• [Dataset entries]
(* Let $d:\Sigma^n\to\Sigma$ be a depth assignment and let $s,t\in\Sigma^n$ be such that $(s,t)$ is a valid arc of the de Bruijn graph $B_n$. Then \[e_{s[0]} \equiv P(H(s)+e_{d_s}) - P(H(t)+e_{d_t}) \mod K.\]
   Context: Let $k\ge 1$ be an integer, $\Sigma=\{0,1,\dots,k-1\}$ with arithmetic on symbols taken modulo $k$, and $n\ge 1$. For $s\in\Sigma^n$ write $s=s[0]\cdots s[n-1]$. The de Bruijn graph $B_n$ has node set $\Sigma^n$ and an arc $(s,t)$ iff $s[1]\cdots s[n-1]=t[0]\cdots t[n-2]$. A depth assignment is any function $d:\Sigma^n\to\Sigma$, written $s\mapsto d_s$. An arc $(s,t)$ of $B_n$ is valid (with respect to $d$) if, with $b=s[0]$ and $c=t[n-1]$, either ($b+1=c$ and $d_s=d_t$) or ($b+1=d_t$ and $c=d_s$). The histogram $H(s):\Sigma\to\mathbb{Z}$ counts occurrences of each symbol in $s$; $e_b$ is the indicator function of $b\in\Sigma$; $K$ is the constant function $1$ on $\Sigma$; $P(H)(i)=\sum_{j=0}^i H(j)$ is the partial sum of $H:\Sigma\to\mathbb{Z}$; $F\equiv G\mod K$ means $F-G$ is an integer multiple of $K$. *)

theory Defs
  imports Main
begin

text \<open>Alphabet Sigma = {0..<k} (symbols are naturals < k), words of length n are
  lists of length n over Sigma. Functions Sigma to Z are modelled as nat to int,
  only their values on {0..<k} matter.\<close>

definition words :: "nat \<Rightarrow> nat \<Rightarrow> nat list set" where
  "words k n = {s. length s = n \<and> set s \<subseteq> {0..<k}}"

definition is_depth_assignment :: "nat \<Rightarrow> nat \<Rightarrow> (nat list \<Rightarrow> nat) \<Rightarrow> bool" where
  "is_depth_assignment k n d \<longleftrightarrow> (\<forall>s\<in>words k n. d s < k)"

definition db_arc :: "nat \<Rightarrow> nat \<Rightarrow> nat list \<Rightarrow> nat list \<Rightarrow> bool" where
  "db_arc k n s t \<longleftrightarrow> s \<in> words k n \<and> t \<in> words k n \<and> tl s = butlast t"

definition valid_arc :: "nat \<Rightarrow> nat \<Rightarrow> (nat list \<Rightarrow> nat) \<Rightarrow> nat list \<Rightarrow> nat list \<Rightarrow> bool" where
  "valid_arc k n d s t \<longleftrightarrow> db_arc k n s t \<and>
     (let b = s ! 0; c = t ! (n - 1) in
       ((b + 1) mod k = c \<and> d s = d t) \<or> ((b + 1) mod k = d t \<and> c = d s))"

definition hist :: "nat list \<Rightarrow> nat \<Rightarrow> int" where
  "hist s j = int (count_list s j)"

definition indic :: "nat \<Rightarrow> nat \<Rightarrow> int" where
  "indic b j = (if j = b then 1 else 0)"

definition psum :: "(nat \<Rightarrow> int) \<Rightarrow> nat \<Rightarrow> int" where
  "psum H i = (\<Sum>j\<le>i. H j)"

text \<open>F = G mod K on Sigma: F - G is an integer multiple of the constant function 1.\<close>
definition cong_K :: "nat \<Rightarrow> (nat \<Rightarrow> int) \<Rightarrow> (nat \<Rightarrow> int) \<Rightarrow> bool" where
  "cong_K k F G \<longleftrightarrow> (\<exists>c::int. \<forall>i<k. F i - G i = c)"

end

theory Submission
  imports Defs
begin

(* Along an arc (s, t) the histogram loses the symbol b = s[0] and gains c = t[n-1], so
   H(s) - H(t) = e_b - e_c. Partial sums turn each e_x into the step function
   P(e_x) = [x <= _], and either alternative in the validity condition makes the four step
   functions telescope to P(e_b) - P(e_(b+1)). Finally e_b = P(e_b) - P(e_(b+1)) on Sigma, up to
   the constant 1 that appears when b + 1 wraps around to 0. *)

lemma psum_add: "psum (\<lambda>j. F j + G j) i = psum F i + psum G i"
  unfolding psum_def by (simp add: sum.distrib)

lemma psum_diff: "psum (\<lambda>j. F j - G j) i = psum F i - psum G i"
  unfolding psum_def by (simp add: sum_subtractf)

lemma psum_indic: "psum (indic b) i = (if b \<le> i then 1 else 0)"
  unfolding psum_def indic_def by (simp add: sum.delta)

lemma hist_diff_of_shift:
  assumes "tl s = butlast t" and "s \<noteq> []" and "t \<noteq> []"
  shows "hist s j - hist t j = indic (hd s) j - indic (last t) j"
proof -
  have "count_list s j = count_list (tl s) j + (if hd s = j then 1 else 0)"
    using \<open>s \<noteq> []\<close> by (cases s) auto
  moreover have "count_list t j = count_list (butlast t) j + (if last t = j then 1 else 0)"
    using \<open>t \<noteq> []\<close> by (cases t rule: rev_cases) auto
  ultimately show ?thesis
    using assms(1) unfolding hist_def indic_def by auto
qed

lemma indic_eq_psum_indic_succ:
  assumes "b < k" and "i < k"
  shows "indic b i = psum (indic b) i - psum (indic ((b + 1) mod k)) i + (if b + 1 = k then 1 else 0)"
proof (cases "b + 1 = k")
  case True
  then show ?thesis using assms by (auto simp: psum_indic indic_def)
next
  case False
  then have "(b + 1) mod k = b + 1" using assms(1) by simp
  then show ?thesis using False by (auto simp: psum_indic indic_def)
qed

lemma valid_arc_psum_diff:
  assumes "n \<ge> 1" and "valid_arc k n d s t"
  shows "psum (\<lambda>j. hist s j + indic (d s) j) i - psum (\<lambda>j. hist t j + indic (d t) j) i
    = psum (indic (s ! 0)) i - psum (indic ((s ! 0 + 1) mod k)) i"
proof -
  define b where "b = s ! 0"
  define c where "c = t ! (n - 1)"
  have "db_arc k n s t"
    and valid: "((b + 1) mod k = c \<and> d s = d t) \<or> ((b + 1) mod k = d t \<and> c = d s)"
    using assms(2) unfolding valid_arc_def b_def c_def Let_def by auto
  then have len: "length s = n" "length t = n" and shift: "tl s = butlast t"
    unfolding db_arc_def words_def by auto
  then have "s \<noteq> []" "t \<noteq> []"
    using \<open>n \<ge> 1\<close> by auto
  then have "hd s = b" "last t = c"
    using len unfolding b_def c_def by (auto simp: hd_conv_nth last_conv_nth)
  then have hist_diff: "hist s j - hist t j = indic b j - indic c j" for j
    using hist_diff_of_shift[OF shift \<open>s \<noteq> []\<close> \<open>t \<noteq> []\<close>] by simp
  have "psum (\<lambda>j. hist s j + indic (d s) j) i - psum (\<lambda>j. hist t j + indic (d t) j) i
      = psum (\<lambda>j. (hist s j - hist t j) + (indic (d s) j - indic (d t) j)) i"
    by (simp only: psum_diff[symmetric]) (simp add: algebra_simps)
  also have "\<dots> = psum (indic b) i - psum (indic c) i + psum (indic (d s)) i - psum (indic (d t)) i"
    by (simp add: hist_diff psum_add psum_diff)
  also have "\<dots> = psum (indic b) i - psum (indic ((b + 1) mod k)) i"
    using valid by auto
  finally show ?thesis unfolding b_def .
qed

theorem lemma3:
  fixes k n :: nat and d :: "nat list \<Rightarrow> nat" and s t :: "nat list"
  assumes "k \<ge> 1" and "n \<ge> 1"
    and "is_depth_assignment k n d"
    and "valid_arc k n d s t"
  shows "cong_K k (indic (s ! 0))
           (\<lambda>i. psum (\<lambda>j. hist s j + indic (d s) j) i - psum (\<lambda>j. hist t j + indic (d t) j) i)"
proof -
  have "s ! 0 \<in> set s"
    using assms(2,4) unfolding valid_arc_def db_arc_def words_def by auto
  then have "s ! 0 < k"
    using assms(4) unfolding valid_arc_def db_arc_def words_def by auto
  then have "indic (s ! 0) i
      - (psum (\<lambda>j. hist s j + indic (d s) j) i - psum (\<lambda>j. hist t j + indic (d t) j) i)
      = (if s ! 0 + 1 = k then 1 else 0)" if "i < k" for i
    using indic_eq_psum_indic_succ[OF _ that] valid_arc_psum_diff[OF assms(2,4)] by simp
  then show ?thesis
    unfolding cong_K_def by blast
qed

end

• [Instructions to follow] After locating the line that contains "nat) \<Rightarrow> nat", please copy exactly every line from the start of the records through it, and nothing else.

• [Output of the task]
(* Let $d:\Sigma^n\to\Sigma$ be a depth assignment and let $s,t\in\Sigma^n$ be such that $(s,t)$ is a valid arc of the de Bruijn graph $B_n$. Then \[e_{s[0]} \equiv P(H(s)+e_{d_s}) - P(H(t)+e_{d_t}) \mod K.\]
   Context: Let $k\ge 1$ be an integer, $\Sigma=\{0,1,\dots,k-1\}$ with arithmetic on symbols taken modulo $k$, and $n\ge 1$. For $s\in\Sigma^n$ write $s=s[0]\cdots s[n-1]$. The de Bruijn graph $B_n$ has node set $\Sigma^n$ and an arc $(s,t)$ iff $s[1]\cdots s[n-1]=t[0]\cdots t[n-2]$. A depth assignment is any function $d:\Sigma^n\to\Sigma$, written $s\mapsto d_s$. An arc $(s,t)$ of $B_n$ is valid (with respect to $d$) if, with $b=s[0]$ and $c=t[n-1]$, either ($b+1=c$ and $d_s=d_t$) or ($b+1=d_t$ and $c=d_s$). The histogram $H(s):\Sigma\to\mathbb{Z}$ counts occurrences of each symbol in $s$; $e_b$ is the indicator function of $b\in\Sigma$; $K$ is the constant function $1$ on $\Sigma$; $P(H)(i)=\sum_{j=0}^i H(j)$ is the partial sum of $H:\Sigma\to\mathbb{Z}$; $F\equiv G\mod K$ means $F-G$ is an integer multiple of $K$. *)

theory Defs
  imports Main
begin

text \<open>Alphabet Sigma = {0..<k} (symbols are naturals < k), words of length n are
  lists of length n over Sigma. Functions Sigma to Z are modelled as nat to int,
  only their values on {0..<k} matter.\<close>

definition words :: "nat \<Rightarrow> nat \<Rightarrow> nat list set" where
  "words k n = {s. length s = n \<and> set s \<subseteq> {0..<k}}"

definition is_depth_assignment :: "nat \<Rightarrow> nat \<Rightarrow> (nat list \<Rightarrow> nat) \<Rightarrow> bool" where
  "is_depth_assignment k n d \<longleftrightarrow> (\<forall>s\<in>words k n. d s < k)"

definition db_arc :: "nat \<Rightarrow> nat \<Rightarrow> nat list \<Rightarrow> nat list \<Rightarrow> bool" where
  "db_arc k n s t \<longleftrightarrow> s \<in> words k n \<and> t \<in> words k n \<and> tl s = butlast t"

definition valid_arc :: "nat \<Rightarrow> nat \<Rightarrow> (nat list \<Rightarrow> nat) \<Rightarrow> nat list \<Rightarrow> nat list \<Rightarrow> bool" where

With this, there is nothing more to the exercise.